◆ **Data records**
BEGIN
text \<open>The identity forces the two shifted characteristic polynomials to agree at every x that is
  not a root of the (nonzero) characteristic polynomial of the join.\<close>
lemma join_char_poly_cancel:
  assumes G1: "is_graph n X1" and R1: "regular n X1 r" and G2: "is_graph n X2" and R2: "regular n X2 r"
    and m: "m \<ge> 1"
    and cp: "char_poly (A_alpha \<alpha> (n + m) (join_complete n X1 m)) = char_poly (A_alpha \<alpha> (n + m) (join_complete n X2 m))"
  shows "char_poly (A_alpha \<alpha> n X1) = char_poly (A_alpha \<alpha> n X2)"
proof (cases "n = 0")
  case True
  have "A_alpha \<alpha> n X1 = A_alpha \<alpha> n X2" by (rule eq_matI) (use True in auto)
  thus ?thesis by simp
next
  case False
  hence n: "n \<ge> 1" by simp
  let ?pJ = "char_poly (A_alpha \<alpha> (n + m) (join_complete n X2 m))"
  define D where "D = char_poly (A_alpha \<alpha> n X1) - char_poly (A_alpha \<alpha> n X2)"
  define S where "S = {x. poly ?pJ x * (x - \<alpha> * real m - real r) \<noteq> 0}"
  have "?pJ \<noteq> 0"
    using degree_monic_char_poly[OF A_alpha_carrier, of \<alpha> "n + m" "join_complete n X2 m"] by auto
  hence "finite ({x. poly ?pJ x = 0} \<union> {\<alpha> * real m + real r})" by (simp add: poly_roots_finite)
  moreover have "S = UNIV - ({x. poly ?pJ x = 0} \<union> {\<alpha> * real m + real r})" by (auto simp: S_def)
  ultimately have "infinite S" by (simp add: Diff_infinite_finite infinite_UNIV_char_0)
  moreover have "(\<lambda>x. x - \<alpha> * real m) ` S \<subseteq> {y. poly D y = 0}"
  proof clarify
    fix x assume "x \<in> S"
    moreover note join_char_poly_identity[OF G1 R1 n m, of \<alpha> x] join_char_poly_identity[OF G2 R2 n m, of \<alpha> x]
    ultimately show "poly D (x - \<alpha> * real m) = 0" by (auto simp: S_def D_def cp)
  qed
  ultimately have "infinite {y. poly D y = 0}"
    by (metis finite_subset finite_imageD inj_on_diff_right)
  thus ?thesis using poly_roots_finite[of D] by (auto simp: D_def)
qed

lemma sum_squares_eq_imp_constant:
  fixes d :: "'a \<Rightarrow> real"
  assumes T: "finite T" and sum: "(\<Sum>v\<in>T. d v) = real (card T) * c"
    and sum_sq: "(\<Sum>v\<in>T. (d v)\<^sup>2) = real (card T) * c\<^sup>2" and v: "v \<in> T"
  shows "d v = c"
proof -
  have "(\<Sum>v\<in>T. (d v - c)\<^sup>2) = (\<Sum>v\<in>T. (d v)\<^sup>2) - 2 * c * (\<Sum>v\<in>T. d v) + real (card T) * c\<^sup>2"
    by (simp add: power2_diff sum.distrib sum_subtractf sum_distrib_left sum_distrib_right algebra_simps)
  also have "\<dots> = 0" using sum sum_sq by (simp add: power2_eq_square)
  finally have "(\<Sum>v\<in>T. (d v - c)\<^sup>2) = 0" .
  hence "(d v - c)\<^sup>2 = 0" using sum_nonneg_eq_0_iff[OF T, of "\<lambda>v. (d v - c)\<^sup>2"] v by simp
  thus ?thesis by simp
qed
(* Let $k_n\to\infty$ and $N_n\to\infty$, and for each $n$ let $X_{1,n},\dots,X_{N_n,n}$ be i.i.d. random vectors in $\mathbb{R}^{k_n}$ with $\mathbb E X_{j,n}=0$ and $\mathrm{cov}(X_{j,n})=I_{k_n}$. Assume that for every $\epsilon>0$ $$\lim_n\frac1{N_n}\sum_{j=1}^{N_n}\mathbb E\Big[\|X_{j,n}\|_2^2\,\mathbf 1\{\|X_{j,n}\|_2>\epsilon\sqrt{N_n}\}\Big]=0.$$ Let $\psi_n$ be the characteristic function of $\frac1{\sqrt{N_n}}\sum_{j}X_{j,n}$ and $\phi_n$ that of the $k_n$-dimensional standard Gaussian distribution. Then for each $\epsilon>0$ and $T>0$ there exists $n^0(\epsilon,T)$ such that for all $n>n^0(\epsilon,T)$, $$\sup\{|\psi_n(t)-\phi_n(t)|:\|t\|_2\le T\}<\epsilon.$$ *)

theory Defs
  imports "HOL-Probability.Probability"
begin

text \<open>Vectors of R^k are represented as functions nat => real, only the
coordinates i < k being relevant (in the product measure they are extensional
on {..<k}).\<close>

definition vnorm :: "nat \<Rightarrow> (nat \<Rightarrow> real) \<Rightarrow> real" where
  "vnorm k x = sqrt (\<Sum>i<k. (x i)\<^sup>2)"

definition Rk :: "nat \<Rightarrow> (nat \<Rightarrow> real) measure" where
  "Rk k = PiM {..<k} (\<lambda>_. borel)"

definition vec_char :: "nat \<Rightarrow> (nat \<Rightarrow> real) measure \<Rightarrow> (nat \<Rightarrow> real) \<Rightarrow> complex" where
  "vec_char k \<mu> t = (CLINT x|\<mu>. iexp (\<Sum>i<k. t i * x i))"

definition std_gauss :: "nat \<Rightarrow> (nat \<Rightarrow> real) measure" where
  "std_gauss k = PiM {..<k} (\<lambda>_. std_normal_distribution)"

end

theory Submission
  imports Defs
begin

(*
  For fixed t the characteristic function of N^(-1/2) * sum_j X_j factorises into the characteristic
  functions of the real variables u_j = <t, X_j> / sqrt N, which have mean 0 and variance |t|^2 / N.
  Each factor is compared with exp (-|t|^2 / (2 N)) by the Taylor bound min (6 u^2, |u|^3) / 6,
  splitting according to whether |X_j| exceeds delta * sqrt N, and the products are compared by
  telescoping (all factors lie in the unit disc). For |t| <= T this gives, uniformly in the dimension,
    |psi_n t - phi_n t| <= T^3 delta / 6 + T^2 L_n(delta) + T^4 / (4 N_n)
  with L_n(delta) the Lindeberg quantity; choosing delta = 3 eps / T^3 and letting n tend to infinity
  concludes.
*)

lemma vnorm_nonneg: "0 \<le> vnorm k x"
  unfolding vnorm_def by (simp add: sum_nonneg)

lemma power2_vnorm: "(vnorm k x)\<^sup>2 = (\<Sum>i<k. (x i)\<^sup>2)"
  unfolding vnorm_def by (simp add: sum_nonneg)

lemma abs_sum_mult_le_vnorm: "\<bar>\<Sum>i<k. t i * x i\<bar> \<le> vnorm k t * vnorm k x"
proof -
  have "\<bar>\<Sum>i<k. t i * x i\<bar> \<le> (\<Sum>i<k. \<bar>t i\<bar> * \<bar>x i\<bar>)"
    by (metis (no_types, lifting) abs_mult sum_abs sum.cong)
  also have "\<dots> \<le> L2_set t {..<k} * L2_set x {..<k}" by (rule L2_set_mult_ineq)
  finally show ?thesis unfolding vnorm_def L2_set_def by (simp add: power2_eq_square)
qed

lemma abs_exp_minus_linear_le:
  fixes x :: real
  assumes "0 \<le> x"
  shows "\<bar>exp (- x) - (1 - x)\<bar> \<le> x\<^sup>2"
proof -
  have lower: "1 - x \<le> exp (- x)" using exp_ge_add_one_self[of "- x"] by simp
  have "exp (- x) \<le> 1 / (1 + x)"
    using exp_ge_add_one_self[of x] assms by (simp add: exp_minus divide_simps)
  also have "\<dots> = 1 - x + x\<^sup>2 / (1 + x)" using assms
    by (simp add: field_simps power2_eq_square)
  also have "x\<^sup>2 / (1 + x) \<le> x\<^sup>2" using assms
    by (simp add: divide_le_eq mult_le_cancel_left1)
  finally show ?thesis using lower by simp
qed

lemma min_sq_cube_le_truncated:
  fixes u r a d :: real
  assumes "0 \<le> a" "0 \<le> d" "\<bar>u\<bar> \<le> a * r"
  shows "min (6 * u\<^sup>2) (\<bar>u\<bar> ^ 3) \<le> a * d * u\<^sup>2 + 6 * a\<^sup>2 * (r\<^sup>2 * indicator {d<..} r)"
proof (cases "d < r")
  case True
  have "u\<^sup>2 \<le> (a * r)\<^sup>2" using assms(3) by (metis abs_ge_zero power2_abs power_mono)
  then have "min (6 * u\<^sup>2) (\<bar>u\<bar> ^ 3) \<le> 6 * a\<^sup>2 * (r\<^sup>2 * indicator {d<..} r)"
    using True by (simp add: power_mult_distrib)
  moreover have "0 \<le> a * d * u\<^sup>2" using assms(1,2) by simp
  ultimately show ?thesis by linarith
next
  case False
  have "\<bar>u\<bar> \<le> a * d" using assms False by (meson mult_left_mono not_less order_trans)
  then have "\<bar>u\<bar> * u\<^sup>2 \<le> a * d * u\<^sup>2" by (intro mult_right_mono) auto
  then show ?thesis using False by (simp add: power3_eq_cube power2_eq_square abs_mult_self_eq)
qed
END
◆ **What is needed**
Which lines above hold the word "open"? Copy each of them.

◆ **Exercise result**
text \<open>The identity forces the two shifted characteristic polynomials to agree at every x that is
text \<open>Vectors of R^k are represented as functions nat => real, only the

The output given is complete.